FIGS. 5(b) and 5(c) show the voltage waveforms applied to signal
electrodes X2 and X4 of FIG. 1, respectively. The signal voltage
waveforms represent the lighting and non-lighting voltages applied
during each time period. Thus, the display elements formed by the
intersection of signal electrodes X1-X6 and scanning electrodes
Y1-Y6 being applied with the lighting and selective voltages
respectively result in positive display. During the compensating
time TC (tc) each scanning electrode Y1-Y6 receives a compensating
waveform consisting of the non-selective voltage, except that
during a compensating period within the compensating time TC (tc),
the lighting or non-lighting voltages are applied to each scanning
electrode X1-X6. The compensating period corresponds to the number
of variations in polarity of the voltages applied to each signal
electrode X1-X6 with respect to the non-selective voltages for that
period. The voltage (lighting or non-lighting voltage in this
embodiment) applied to the signal electrode during the compensating
time TC (tc) is hereinafter referred to as a compensating voltage
and is different than the selective voltage applied to the scanning
electrodes Y1-Y6 during the compensating time TC (tc). The time for
which the different voltage is applied to signal electrodes X1-X6
is referred to as the compensating period. The compensating
quantity is obtained by multiplying the compensating voltage by the
compensating period.
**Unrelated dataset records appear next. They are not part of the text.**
(* For each $k\in\mathbb N$, there is a bilabelled graph in $\mathcal P_k$ whose underlying graph is the $k\times k$ grid.
   Context: A $(k,k)$-bilabelled graph is $\boldsymbol F=(F,\boldsymbol u,\boldsymbol v)$, $\boldsymbol u,\boldsymbol v\in V(F)^k$, with underlying graph $F$. Series composition $\boldsymbol F\cdot\boldsymbol F'$: disjoint union with $v_i$ identified with $u'_i$, multiple edges removed, labels $(\boldsymbol u,\boldsymbol v')$. Parallel composition $\boldsymbol F\odot\boldsymbol F'$: identify $u_i$ with $u'_i$, $v_i$ with $v'_i$, multiple edges removed. For $\sigma\in\mathfrak S_{2k}$, $\boldsymbol F^\sigma$ has in-labels $(w_{\sigma(1)},\dots,w_{\sigma(k)})$, out-labels $(w_{\sigma(k+1)},\dots,w_{\sigma(2k)})$, $\boldsymbol w=\boldsymbol u\boldsymbol v$. $\mathscr C_k$ = cyclic group of rotations of $(1,\dots,k,2k,\dots,k+1)$. Bilabelled minors: via edge contraction, edge deletion, deletion of unlabelled vertices. $\boldsymbol C_k$: vertices $[2k]$, in-labels $(1,\dots,k)$, out-labels $(k+1,\dots,2k)$, edges $\{i,i+1\}$ ($i\in[2k]\setminus\{k,2k\}$), $\{1,k+1\},\{k,2k\}$; $\boldsymbol M_k$: same vertices/labels, edges $\{i,i+k\}$. $\mathcal Q_k^P,\mathcal Q_k^S$ = bilabelled minors of $\boldsymbol C_k,\boldsymbol M_k$; $\mathcal Q_k$ their union. $\mathcal P_k$ = smallest class containing $\mathcal Q_k$, closed under series composition, $\boldsymbol F\mapsto\boldsymbol F\odot\boldsymbol Q$ ($\boldsymbol Q\in\mathcal Q_k^P$), and $\boldsymbol F\mapsto\boldsymbol F^\sigma$ ($\sigma\in\mathscr C_k$). *)

theory Defs
  imports Main
begin

text \<open>Bilabelled graphs: vertex set, edge set (edges are vertex sets of size 1 or 2;
size 1 = loop, which may arise from identifications), in-labels, out-labels.
Labels need not be distinct. Positions are 0-indexed.\<close>

datatype 'a blg = BLG (bverts: "'a set") (bedges: "'a set set") (bin: "'a list") (bout: "'a list")
lemma smooth_on_Un: "smooth_on S f \<Longrightarrow> smooth_on T f \<Longrightarrow> smooth_on (S \<union> T) f"
  by (auto simp: smooth_on_def smooth_upto_def)

lemma smooth_on_has_real_derivative:
  "smooth_on S f \<Longrightarrow> x \<in> S \<Longrightarrow> (f has_real_derivative deriv f x) (at x)"
  using smooth_on_differentiable DERIV_deriv_iff_real_differentiable by blast

lemma smooth_on_continuous_on: "smooth_on UNIV f \<Longrightarrow> continuous_on S f"
  by (meson UNIV_I continuous_at_imp_continuous_on differentiable_imp_continuous_within
      smooth_on_differentiable)

lemma differentiable_cong_open:
  assumes "open S" "x \<in> S" "\<And>y. y \<in> S \<Longrightarrow> f y = g y" "f differentiable (at x)"
  shows "g differentiable (at x)"
  using assms has_derivative_transform_within_open unfolding differentiable_def by blast

lemma deriv_cong_open:
  assumes "open S" "x \<in> S" "\<And>y. y \<in> S \<Longrightarrow> f y = g y"
  shows "deriv f x = deriv g x"
  using eventually_nhds_in_open[OF assms(1,2)] assms(3)
  by (intro deriv_cong_ev) (auto elim: eventually_mono)

lemma higher_deriv_cong_open:
  assumes "open S" "x \<in> S" "\<And>y. y \<in> S \<Longrightarrow> f y = g y"
  shows "(deriv ^^ n) f x = (deriv ^^ n) g x"
  using eventually_nhds_in_open[OF assms(1,2)] assms(3)
  by (intro higher_deriv_cong_ev) (auto elim: eventually_mono)

lemma smooth_upto_cong:
  assumes "open S" "\<And>x. x \<in> S \<Longrightarrow> f x = g x" "smooth_upto n S f"
  shows "smooth_upto n S g"
  using assms(2,3)
proof (induction n arbitrary: f g)
  case 0
  then show ?case
    using differentiable_cong_open[OF assms(1), of _ f g] by (auto simp: smooth_upto_0)
next
  case (Suc n)
  have "deriv f x = deriv g x" if "x \<in> S" for x
    using deriv_cong_open[OF assms(1) that Suc.prems(1)] .
  with Suc show ?case
    using differentiable_cong_open[OF assms(1), of _ f g] by (auto simp: smooth_upto_Suc)
qed
(* Let $M$ be a monoid and let $D:M\times M\to\overline{\mathbb N}$ be a mapping. Then the following are equivalent: (i) $D$ is a strict length function for $M$; (ii) $D=D_\chi$ for some strongly faithful elliptic $M$-tree $\chi$. Moreover, if these conditions hold, $\chi$ is unique up to isomorphism of elliptic $M$-trees.
   Context: $\overline{\mathbb N}=\mathbb N\cup\{\omega\}$. A length function for $M$ is $D:M\times M\to\overline{\mathbb N}$ satisfying (L1) $D(m,m')=D(m',m)$; (L2) $D(m',m'')\le D(m,m)$; (L3) $D(m',m'')\le D(m'm,m''m)$; (L4) $D(m,m'')\ge\min\{D(m,m'),D(m',m'')\}$; it is strict if also (L5) $D(m',m'')=D(m,m)\Rightarrow m'=m''$. Rooted trees, rays, maximal rays, uniform rooted trees (all maximal rays have equal length), $\alpha\wedge\beta$ = longest common initial segment of rays, $|\cdot|$ = length. An elliptic $M$-tree is $\chi=(r_0,T,\alpha,\theta)$ with $(r_0,T)$ uniform, $\alpha$ a maximal ray, $\theta$ a monoid homomorphism from $M$ into the monoid of depth-preserving distance-non-increasing self-maps of $\mathrm{Vert}(T)$, such that $\mathrm{Vert}(T)=\bigcup_i\alpha_iM$ (actions extended componentwise to rays). It is strongly faithful if $\alpha m=\alpha m'$ implies $m=m'$. $D_\chi(m,m')=|\alpha m\wedge\alpha m'|$. Isomorphism of elliptic $M$-trees: bijective elliptic contraction carrying $\alpha$ to $\alpha'$ and commuting with the actions. *)

theory Defs
  imports Main "HOL-Library.Extended_Nat"
begin

text \<open>\<open>\<omega>\<close> is rendered as \<open>\<infinity> :: enat\<close>; the monoid is a type of class \<open>monoid_mult\<close>,
  with \<open>m' m\<close> written \<open>m' * m\<close>.\<close>

definition length_function :: "('m::monoid_mult \<Rightarrow> 'm \<Rightarrow> enat) \<Rightarrow> bool" where
  "length_function D \<longleftrightarrow>
     (\<forall>m m'. D m m' = D m' m) \<and>
     (\<forall>m m' m''. D m' m'' \<le> D m m) \<and>
     (\<forall>m m' m''. D m' m'' \<le> D (m' * m) (m'' * m)) \<and>
     (\<forall>m m' m''. D m m'' \<ge> min (D m m') (D m' m''))"

definition strict_length_function :: "('m::monoid_mult \<Rightarrow> 'm \<Rightarrow> enat) \<Rightarrow> bool" where
  "strict_length_function D \<longleftrightarrow> length_function D \<and>
     (\<forall>m m' m''. D m' m'' = D m m \<longrightarrow> m' = m'')"

text \<open>A rooted tree \<open>(r0, T)\<close> is given by its vertex set \<open>V\<close>, its root \<open>r0\<close> and the
  parent map \<open>par\<close> (the edges of \<open>T\<close> are the pairs \<open>{v, par v}\<close>, \<open>v \<noteq> r0\<close>).\<close>

definition rooted_tree :: "'v \<Rightarrow> 'v set \<Rightarrow> ('v \<Rightarrow> 'v) \<Rightarrow> bool" where
  "rooted_tree r0 V par \<longleftrightarrow> r0 \<in> V \<and> (\<forall>v\<in>V - {r0}. par v \<in> V) \<and>
     (\<forall>v\<in>V. \<exists>n. (par ^^ n) v = r0)"
lemma transport_after_jumps: "(\<And>b. b \<in> B \<Longrightarrow> b < t) \<Longrightarrow> transport t = monodromy"
proof -
  assume "\<And>b. b \<in> B \<Longrightarrow> b < t"
  then have "{b\<in>B. b < t} = B" by force
  then show ?thesis by (simp add: transport_def monodromy_def)
qed

lemma transport_const:
  assumes "\<And>b. b \<in> B \<Longrightarrow> r \<le> b \<Longrightarrow> t \<le> b" and "r \<le> t"
  shows "transport t = transport r"
proof -
  have "{b\<in>B. b < t} = {b\<in>B. b < r}" using assms by force
  then show ?thesis by (simp add: transport_def)
qed

lemma transport_across_jump:
  assumes "b \<in> B" and isolated: "\<forall>b'\<in>B. b' \<noteq> b \<longrightarrow> e \<le> \<bar>b - b'\<bar>"
    and "r1 \<in> {b-e<..<b}" "r2 \<in> {b<..<b+e}"
  shows "transport r2 = J b \<circ> transport r1"
proof -
  have before: "{b'\<in>B. b' < r1} = {b'\<in>B. b' < b}"
    using assms(3) isolated by force
  have after: "{b'\<in>B. b' < r2} = insert b {b'\<in>B. b' < b}"
    using assms(1,3,4) isolated by force
  have "sorted_list_of_set {b'\<in>B. b' < r2} = sorted_list_of_set {b'\<in>B. b' < b} @ [b]"
    unfolding after using finite_jumps by (intro sorted_list_of_set_insert_greatest) auto
  then show ?thesis by (simp add: transport_def before)
qed

lemma jump_coloring_const:
  assumes c: "jump_coloring c" and "base \<le> r" "r \<le> t" "t \<le> base + 1"
    and no_jump: "\<And>b. b \<in> B \<Longrightarrow> b \<notin> {r..t}"
  shows "c t = c r"
proof (rule locally_constant_on_interval)
  fix s assume "s \<in> {r..t}"
  then have "s \<in> {base..base + 1}" "s \<notin> B" using no_jump assms(2-4) by auto
  then have "s \<notin> jumps_per" using jumps_per_iff by simp
  then show "\<exists>e>0. \<forall>s'. \<bar>s' - s\<bar> < e \<longrightarrow> c s' = c s"
    using c unfolding jump_coloring_def by blast
qed (rule assms(3))
(* Let $R$ be a commutative ring and $N$ the normalised Moore complex functor from simplicial sets to chain complexes of $R$-modules. Equipped with the Eilenberg–Zilber shuffle map as lax symmetric monoidal structure and the Alexander–Whitney map as oplax monoidal structure (and the identity $R\cong N(\Delta[0])$ on units), $N$ satisfies the compatibility conditions: for all simplicial sets $X,Y,U,V$, the composite $N(X\times Y)\otimes N(U\times V)\xrightarrow{\mathrm{aw}\otimes\mathrm{aw}}N X\otimes N Y\otimes N U\otimes N V\cong N X\otimes N U\otimes N Y\otimes N V\xrightarrow{\mathrm{sh}\otimes\mathrm{sh}}N(X\times U)\otimes N(Y\times V)$ equals $N(X\times Y)\otimes N(U\times V)\xrightarrow{\mathrm{sh}}N(X\times Y\times U\times V)\cong N(X\times U\times Y\times V)\xrightarrow{\mathrm{aw}}N(X\times U)\otimes N(Y\times V)$ (middle maps induced by the symmetries, with Koszul signs in chain complexes), and the three unit compatibility conditions (unit map followed by counit map is the identity; compatibility of the counit with $\mathrm{sh}$ on $N( * )\otimes N( * )$; compatibility of the unit with $\mathrm{aw}$ on $N( *\times * )$) hold. Consequently the images under $N$ of simplicial (coloured) operads are Hopf dg operads.
   Context: $N(X)_k$ is the free $R$-module on non-degenerate $k$-simplices of $X$ (equivalently $R[X_k]$ modulo degenerate simplices), with differential $d(x)=\sum_{i=0}^k(-1)^id_i(x)$. The Eilenberg–Zilber map $\mathrm{sh}:N(X)\otimes N(Y)\to N(X\times Y)$ is natural and sends $1_n\otimes1_m$ (top simplices of $\Delta[n],\Delta[m]$) to $\sum_{a}\mathrm{sign}(a)\,a$, the sum over subsets $a\subset\{1,\dots,n+m\}$ of cardinality $n$, identified with non-degenerate $(n+m)$-simplices of $\Delta[n]\times\Delta[m]$, with $\mathrm{sign}(a)$ the sign of the corresponding $(n,m)$-shuffle. The Alexander–Whitney map $\mathrm{aw}:N(X\times Y)\to N(X)\otimes N(Y)$ sends $(x,y)\in X_n\times Y_n$ to $\sum_{p=0}^n x|_{\{0..p\}}\otimes y|_{\{p..n\}}$ (front face $\otimes$ back face). Simplicial sets are cartesian, so every simplicial operad is a cocommutative Hopf operad; a Hopf dg operad is a coassociative counital comonoid for the Hadamard tensor product of operads in chain complexes. *)

theory Defs
  imports Main
begin

text \<open>A simplicial set is given by its sets of n-simplices and the action of
  simplicial operators: for x in X_n and a monotone map f : [m] \<rightarrow> [n]
  (represented as a function on nat, only its values on {0..m} matter),
  Act X n m f x is the simplex f^* x in X_m.\<close>

record 'a sset =
  Simp :: "nat \<Rightarrow> 'a set"
  Act  :: "nat \<Rightarrow> nat \<Rightarrow> (nat \<Rightarrow> nat) \<Rightarrow> 'a \<Rightarrow> 'a"

definition is_mor :: "nat \<Rightarrow> nat \<Rightarrow> (nat \<Rightarrow> nat) \<Rightarrow> bool" where
  "is_mor m n f \<longleftrightarrow> (\<forall>i\<le>m. f i \<le> n) \<and> (\<forall>i j. i \<le> j \<and> j \<le> m \<longrightarrow> f i \<le> f j)"

definition is_sset :: "'a sset \<Rightarrow> bool" where
  "is_sset X \<longleftrightarrow>
     (\<forall>n m f x. x \<in> Simp X n \<and> is_mor m n f \<longrightarrow> Act X n m f x \<in> Simp X m) \<and>
     (\<forall>n m f g x. x \<in> Simp X n \<and> is_mor m n f \<and> (\<forall>i\<le>m. f i = g i)
                  \<longrightarrow> Act X n m f x = Act X n m g x) \<and>
     (\<forall>n x. x \<in> Simp X n \<longrightarrow> Act X n n (\<lambda>i. i) x = x) \<and>
     (\<forall>n m k f g x. x \<in> Simp X n \<and> is_mor m n f \<and> is_mor k m g
                  \<longrightarrow> Act X m k g (Act X n m f x) = Act X n k (f \<circ> g) x)"

definition prod_sset :: "'a sset \<Rightarrow> 'b sset \<Rightarrow> ('a \<times> 'b) sset" where
  "prod_sset X Y = \<lparr> Simp = (\<lambda>n. Simp X n \<times> Simp Y n),
                     Act = (\<lambda>n m f p. (Act X n m f (fst p), Act Y n m f (snd p))) \<rparr>"

definition pt :: "unit sset" where
  "pt = \<lparr> Simp = (\<lambda>n. UNIV), Act = (\<lambda>n m f x. ()) \<rparr>"

text \<open>Degeneracy operator sigma_j : [n+1] \<rightarrow> [n]; s_j y = Act X n (n+1) (sdeg j) y.\<close>

definition sdeg :: "nat \<Rightarrow> nat \<Rightarrow> nat" where
  "sdeg j i = (if i \<le> j then i else i - 1)"

definition degenerate :: "'a sset \<Rightarrow> nat \<Rightarrow> 'a \<Rightarrow> bool" where
  "degenerate X k x \<longleftrightarrow>
     (\<exists>n j y. k = Suc n \<and> j \<le> n \<and> y \<in> Simp X n \<and> x = Act X n (Suc n) (sdeg j) y)"
theorem proposition4p5:
  fixes u :: "'c::finite \<Rightarrow> 'c \<Rightarrow> real"
  shows "(\<forall>(P::'w measure) (Q1::'n measure) (Q2::'n measure) (I1::'i measure) (I2::'i measure)
            g1 g2 (f1::'i \<Rightarrow> 'c) f2.
            indirect_CE u P Q1 Q2 I1 I2 g1 g2 f1 f2
            \<and> fully_symmetric Q1 Q2 I1 I2 g1 g2 f1 f2
            \<and> knows_state P Q1 I1 g1 \<and> knows_state P Q2 I2 g2
            \<longrightarrow> (AE w in P. nash u (cond_dist Q1 g1 f1 w) (cond_dist Q2 g2 f2 w)
                              \<and> cond_dist Q1 g1 f1 w = cond_dist Q2 g2 f2 w))
       \<and> (\<forall>x. sym_nash u x \<longrightarrow>
            (\<exists>(P::unit measure) (Q1::'c measure) (Q2::'c measure) (I1::'c measure) (I2::'c measure)
               g1 g2 (f1::'c \<Rightarrow> 'c) f2.
               indirect_CE u P Q1 Q2 I1 I2 g1 g2 f1 f2
               \<and> fully_symmetric Q1 Q2 I1 I2 g1 g2 f1 f2
               \<and> knows_state P Q1 I1 g1 \<and> knows_state P Q2 I2 g2
               \<and> (AE w in P. cond_dist Q1 g1 f1 w = x \<and> cond_dist Q2 g2 f2 w = x)))"
proof (intro conjI allI impI)
  fix P :: "'w measure" and Q1 Q2 :: "'n measure" and I1 I2 :: "'i measure"
    and g1 g2 :: "'w \<Rightarrow> 'n \<Rightarrow> 'i" and f1 f2 :: "'i \<Rightarrow> 'c"
  assume H: "indirect_CE u P Q1 Q2 I1 I2 g1 g2 f1 f2 \<and> fully_symmetric Q1 Q2 I1 I2 g1 g2 f1 f2
    \<and> knows_state P Q1 I1 g1 \<and> knows_state P Q2 I2 g2"
  then have "Q2 = Q1" "I2 = I1" "g2 = g1" "f2 = f1"
    by (simp_all add: fully_symmetric_def)
  moreover have "AE w in P. sym_nash u (cond_dist Q1 g1 f1 w)"
    using H calculation by (intro AE_sym_nash_cond_dist) auto
  ultimately show "AE w in P. nash u (cond_dist Q1 g1 f1 w) (cond_dist Q2 g2 f2 w)
                              \<and> cond_dist Q1 g1 f1 w = cond_dist Q2 g2 f2 w"
    by (simp add: sym_nash_def)
next
  fix x :: "'c \<Rightarrow> real"
  assume x: "sym_nash u x"
  let ?P = "return (count_space UNIV) ()" and ?Q = "point_measure UNIV (\<lambda>c. ennreal (x c))"
  have "knows_state ?P ?Q (count_space UNIV) (\<lambda>_ n. n)"
    unfolding knows_state_def by (intro bexI[of _ "\<lambda>_. ()"]) auto
  moreover have "AE w in ?P. cond_dist ?Q (\<lambda>_ n. n) id w = x \<and> cond_dist ?Q (\<lambda>_ n. n) id w = x"
    using x by (simp add: cond_dist_point_measure sym_nash_def nash_def)
  ultimately show "\<exists>(P::unit measure) (Q1::'c measure) (Q2::'c measure) (I1::'c measure) (I2::'c measure)
      g1 g2 (f1::'c \<Rightarrow> 'c) f2. indirect_CE u P Q1 Q2 I1 I2 g1 g2 f1 f2
      \<and> fully_symmetric Q1 Q2 I1 I2 g1 g2 f1 f2 \<and> knows_state P Q1 I1 g1 \<and> knows_state P Q2 I2 g2
      \<and> (AE w in P. cond_dist Q1 g1 f1 w = x \<and> cond_dist Q2 g2 f2 w = x)"
    using indirect_CE_lottery[OF x] unfolding fully_symmetric_def by blast
qed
A constant period (frame) as herein defined
may be an integral multiple of a sum of the display times and the
compensating time TC (tc). In this embodiment, the constant period
is frame F1 or F2.
With specific reference to signal electrode X2, there are a large
number of variations in polarity of the voltage applied to signal
electrode X2 with respect to the non-selective voltage. Signal
electrode X2 has its voltage change from the lighting voltage to
the non-lighting voltage and from the non-lighting voltage to the
lighting voltage five (5) times within one frame. The number five
(5) is calculated without counting any changes in voltage during
the period of the compensating time TC (tc) or in the period of
time immediately following the compensating time TC (tc).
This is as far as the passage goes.